Not everything went perfectly, but much more than expected turned out to be possible even when working remotely.


This created an uncomfortable reality for many managers. Because as soon as employees can plan independently, collaborate digitally, solve problems, and achieve results without their manager’s constant presence, the question naturally arises: what exactly is the unique contribution of leadership anymore?


From that perspective, it’s not surprising that some managers struggle with hybrid work. The fact that managers with narcissistic traits are more likely to resist remote work is therefore a plausible explanation for part of that resistance. At the same time, these primarily American research findings cannot be directly applied to Europe, and here too, correlation does not imply causation. “Perhaps this is why Grant’s findings explain not so much why some leaders are implementing return-to-office policies, but rather why some leaders react more strongly to a tension that is felt much more widely.”

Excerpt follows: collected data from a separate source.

(* The weight $p(\cdot)$, the block sequence $\bar B$, the rank sequence $\bar r$ and the number of blocks $N_n$ are all measurable with respect to the $\sigma$-algebra $\mathfrak C_n$ generated by $\mathcal C_n$ (i.e. constant on each $C\in\mathcal C_n$), and $$\mathbb W_n=\sum_{C\in\mathcal C_n}\frac{\mathrm{Card}(C)\,p(C)}{\mathbb P_n(\mathcal W_n)}\,\mathbb U_C,$$ where $p(C)$ is the common value of $p(w)$ for $w\in C$ and $\mathbb U_C$ is the uniform probability on $C$. Moreover, given that $w\in C$ (i.e. under $\mathbb U_C$), the positions of the ranks of $w$ are distributed uniformly on $\{1,2,\dots,N_n(C)\}$: for each $i$, the index $j$ with $r_j(w)=i$ is uniform on $\{1,\dots,N_n(C)\}$.
   Context: Let $\mathcal A=\{a_1<a_2<\dots\}$ be a finite or countably infinite totally ordered alphabet and $(p_i)_{i\ge1}$ a probability distribution with all $p_i>0$ and $0<p_1<1$. For $w=a_{\ell_1}\cdots a_{\ell_n}$ put $p(w)=p_{\ell_1}\cdots p_{\ell_n}$ and $\mathbb P_n(\{w\})=p(w)$ on words of length $n$. Lexicographic order: $u<v$ if $u$ is a proper prefix of $v$, or $u=ra_is$, $v=ra_jt$ with $i<j$. A word is primitive if it is not of the form $u^r$ with $r\ge2$. $\mathcal W_n$ is the set of primitive words of length $n$ whose first letter is the smallest letter $a_w$ occurring in $w$ and whose last letter differs from $a_w$; $\mathbb W_n(\{w\})=p(w)/\mathbb P_n(\mathcal W_n)$. Each $w\in\mathcal W_n$ decomposes uniquely as $w=B_1(w)\cdots B_{N_n(w)}(w)$ into blocks: each block begins with a run of $a_w$ and ends just before the next run of $a_w$. $\bar B(w)=(B_i(w))_{i\ge 1}$ continued by an infinite sequence of empty words, and $\bar r(w)=(r_i(w))_{i\ge1}$, where for $j\le N=N_n(w)$, $r_j(w)$ is the rank of $B_j\cdots B_NB_1\cdots B_{j-1}$ among the $N$ words $B_k\cdots B_NB_1\cdots B_{k-1}$ in increasing lexicographic order. For $\sigma\in\mathfrak S_N$, $\sigma.w=B_{\sigma(1)}\cdots B_{\sigma(N)}$; $C(w)=\{\sigma.w:\sigma\in\mathfrak S_N,\ \sigma.w\in\mathcal W_n\}$ and $\mathcal C_n=\{C(w):w\in\mathcal W_n\}$ (a partition of $\mathcal W_n$).
   Formalization: On each C in $\mathcal C_n$, only the multisets of blocks $B_1,\dots,B_N$ and of ranks $r_1,\dots,r_N$ are constant, in place of the sequences $\bar B$ and $\bar r$ themselves. The statement above fails without it. *)

theory Defs
  imports "HOL-Analysis.Analysis" "HOL-Combinatorics.Permutations"
begin
(* Under the setting below, assume in addition $0<\underline h\le h_{\rm in}\le\overline h<\infty$ and $0\le A_{\rm in}\le 1$, and set $K:=|\overline f|+|\underline f|$. Then $h_m\ge0$ on $\Omega\times[0,T]$. Moreover, for every $t\in[0,T]$ with $$t\le \frac{\underline h}{6K}\qquad\text{and}\qquad \exp\Big(\int_0^t\|\operatorname{div}\vec u^o(s)\|_{L^\infty(\Omega)}\,ds\Big)\le 2,$$ one has $\tfrac14\underline h\le h_m(\cdot,t)\le 4\overline h$ on $\Omega$; and for every $t\in[0,T]$ with $t\le \int_\Omega h_{\rm in}\,dx\big/\big(6K|\Omega|\big)$ one has $$\tfrac12\int_\Omega h_{\rm in}\,dx\le\int_\Omega h_m(x,t)\,dx\le 2\int_\Omega h_{\rm in}\,dx.$$
   Context: Setting: $\Omega=\mathbb T^2$, $\omega,\nu\in(0,1)$, $T>0$, $\vec u^o:\Omega\times[0,T]\to\mathbb R^2$ a given smooth velocity field, and $(h_m,A_m)$ a sufficiently regular (e.g. classical) solution on $[0,T]$ of $$\partial_t h_m+\operatorname{div}(h_m\vec u^o)=\mathcal S_{h_m,\omega,\nu},\qquad \partial_tA_m+\operatorname{div}(A_m\vec u^o)=\mathcal S_{A_m,\omega,\nu}+A_m\operatorname{div}\vec u^o\cdot\chi^\omega_{A_m},$$ with $h_m(0)=h_{\rm in}$, $A_m(0)=A_{\rm in}$. Here $\psi^+=\max\{\psi,0\}$, $f:\mathbb R\to\mathbb R$ is smooth with $\underline f\le f\le\overline f$, $h_0>0$, and for functions $h,A$: $\chi^\nu_h=h^+/(h^++\nu)$, $\mathcal S_{h,\omega,\nu}=[f(h^+/(A^++\omega))A+(1-A)f(0)]\chi^\nu_h$, $\mathcal S_{A,\omega,\nu}=\frac{(f(0))^+}{h_0+\nu}(1-A)-\frac{A}{2h^++\nu}\cdot\frac{\sqrt{|\mathcal S_{h,\omega,\nu}|^2+\omega^2}-\mathcal S_{h,\omega,\nu}}{2}$, $\chi^\omega_A=1-\frac{(1-A)^+}{(1-A)^++\omega}$, evaluated at $(h_m,A_m)$. *)

theory Defs
  imports "HOL-Analysis.Analysis"
begin

text \<open>Points of space-time: ((x1,x2),t).  The torus T^2 = R^2/Z^2 is represented by
  functions on R^2 that are 1-periodic in each coordinate; Omega is identified with the
  fundamental cell [0,1]^2.\<close>

type_synonym pt3 = "(real \<times> real) \<times> real"

definition pos :: "real \<Rightarrow> real" where
  "pos \<psi> = max \<psi> 0"

definition pdiff :: "nat \<Rightarrow> (pt3 \<Rightarrow> real) \<Rightarrow> pt3 \<Rightarrow> real" where
  "pdiff i g z =
     (if i = 0 then deriv (\<lambda>s. g ((s, snd (fst z)), snd z)) (fst (fst z))
      else if i = 1 then deriv (\<lambda>s. g ((fst (fst z), s), snd z)) (snd (fst z))
      else deriv (\<lambda>s. g (fst z, s)) (snd z))"

abbreviation dx1 where "dx1 \<equiv> pdiff 0"
abbreviation dx2 where "dx2 \<equiv> pdiff 1"
abbreviation dt where "dt \<equiv> pdiff 2"

definition smooth3 :: "(pt3 \<Rightarrow> real) \<Rightarrow> bool" where
  "smooth3 g \<longleftrightarrow> (\<forall>is z. fold pdiff is g differentiable (at z))"

definition C1_3 :: "(pt3 \<Rightarrow> real) \<Rightarrow> bool" where
  "C1_3 g \<longleftrightarrow> (\<forall>z. g differentiable (at z)) \<and> (\<forall>i<3. continuous_on UNIV (pdiff i g))"

definition smooth_real :: "(real \<Rightarrow> real) \<Rightarrow> bool" where
  "smooth_real f \<longleftrightarrow> (\<forall>n x. (deriv ^^ n) f differentiable (at x))"

definition periodic_x :: "(pt3 \<Rightarrow> 'a) \<Rightarrow> bool" where
  "periodic_x g \<longleftrightarrow> (\<forall>a b t. g ((a + 1, b), t) = g ((a, b), t) \<and> g ((a, b + 1), t) = g ((a, b), t))"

Because hybrid work confronts managers with an uncomfortable possibility: that some of what was once considered leadership may not have been leadership at all. When employees can plan, collaborate, and achieve results independently without their manager’s constant presence, the distinction between leading and supervising becomes blurred. It then becomes clear that presence is not the same as added value, that control is not synonymous with leadership, and that the true contribution of leaders lies elsewhere: in providing direction, developing people, and building trust.en.


Being present is not the same as adding value. Control is not synonymous with leadership.

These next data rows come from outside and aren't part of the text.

(* Under the hypotheses of the following statement, assume in addition that the solution $s(t)$ is persistent. Then $s(t)\to\bar s$ as $t\to\infty$. Statement: consider the generalized mass-action system $\dot s=f(u,s)=\sum_{j=1}^{r}u_j(t)\,s^{v_{\cdot j}}(v'_{\cdot j}-v_{\cdot j})$, $s(0)=s_0\in\mathbb{R}^n_{\ge0}$, with $u:[0,\infty)\to\mathbb{U}\subset\mathbb{R}^r_{>0}$, $\lim_{t\to\infty}u(t)=\bar u\in\mathbb{R}^r_{>0}$, $s(t)$ a bounded solution defined for all $t\ge0$, $\bar s\in\mathbb{R}^n_{>0}$ the unique equilibrium of $\dot s=f(\bar u,s)$ in $(s_0+\mathscr{S})\cap\mathbb{R}^n_{>0}$, and $V$ an ISS-Lyapunov function with respect to $(\bar u,\bar s)$ for this system.
   Context: A CRN has species $S_1,\dots,S_n$ and reactions $v_{\cdot j}\to v'_{\cdot j}$, $j=1,\dots,r$, $v_{\cdot j},v'_{\cdot j}\in\mathbb{Z}^n_{\ge0}$, $v_{\cdot j}\ne v'_{\cdot j}$; $s^{v}=\prod_i s_i^{v_i}$ with $0^0=1$; $\mathscr{S}=\mathrm{span}\{v'_{\cdot j}-v_{\cdot j}\}$ is the stoichiometric subspace. A solution $s(t)$ is persistent if $\liminf_{t\to\infty}s_i(t)>0$ for every $i=1,\dots,n$. ISS-Lyapunov function with respect to $(\bar u,\bar s)$: a continuous $V:\mathbb{R}^n_{\ge0}\to\mathbb{R}_{\ge0}$ such that (i) $V|_{\mathbb{R}^n_{>0}}$ is $C^1$; (ii) $V(s)\to\infty$ as $|s|\to\infty$; (iii) $V(\bar s)=0$ and $V(s)>0$ for $s\ne\bar s$; (iv) for each compact $F\subset\mathbb{R}^n_{\ge0}$ there exist class $\mathcal{K}_\infty$ functions $\alpha,\rho$ (continuous, strictly increasing, zero at zero, unbounded) with $\nabla V(s)^\top f(u,s)\le-\alpha(|s-\bar s|)+\rho(|u-\bar u|)$ for all $u\in\mathbb{U}$, $s\in F\cap(s_0+\mathscr{S})\cap\mathbb{R}^n_{>0}$. *)

theory Defs
  imports "HOL-Analysis.Analysis"
begin

text \<open>Species are indexed by a finite type 'n, reactions by a finite type 'r.
  A reaction j has reactant complex v j and product complex v' j (in nat^'n).\<close>

definition nonneg_orthant :: "(real^'n) set" where
  "nonneg_orthant = {x. \<forall>i. 0 \<le> x $ i}"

Perhaps that is ultimately the most interesting lesson from Grant’s article. Not that working from home poses a threat to leaders’ power, but that hybrid work reveals where management and leadership actually add value.


For years, many aspects of leadership could hide behind physical presence, hierarchy, and supervision. Now that these once-self-evident factors have become less self-evident, a more fundamental question arises:


Where does leadership really make a difference?


And the answer to that question will likely shape the future of leadership more than the question of where employees do their work.


 


Reference

  • Adam Grant, Marissa Shandell & Courtney Elliott (2026). The Secret Reason Bosses Want Everyone Back in the Office, Every Day of the Week, The New York Times.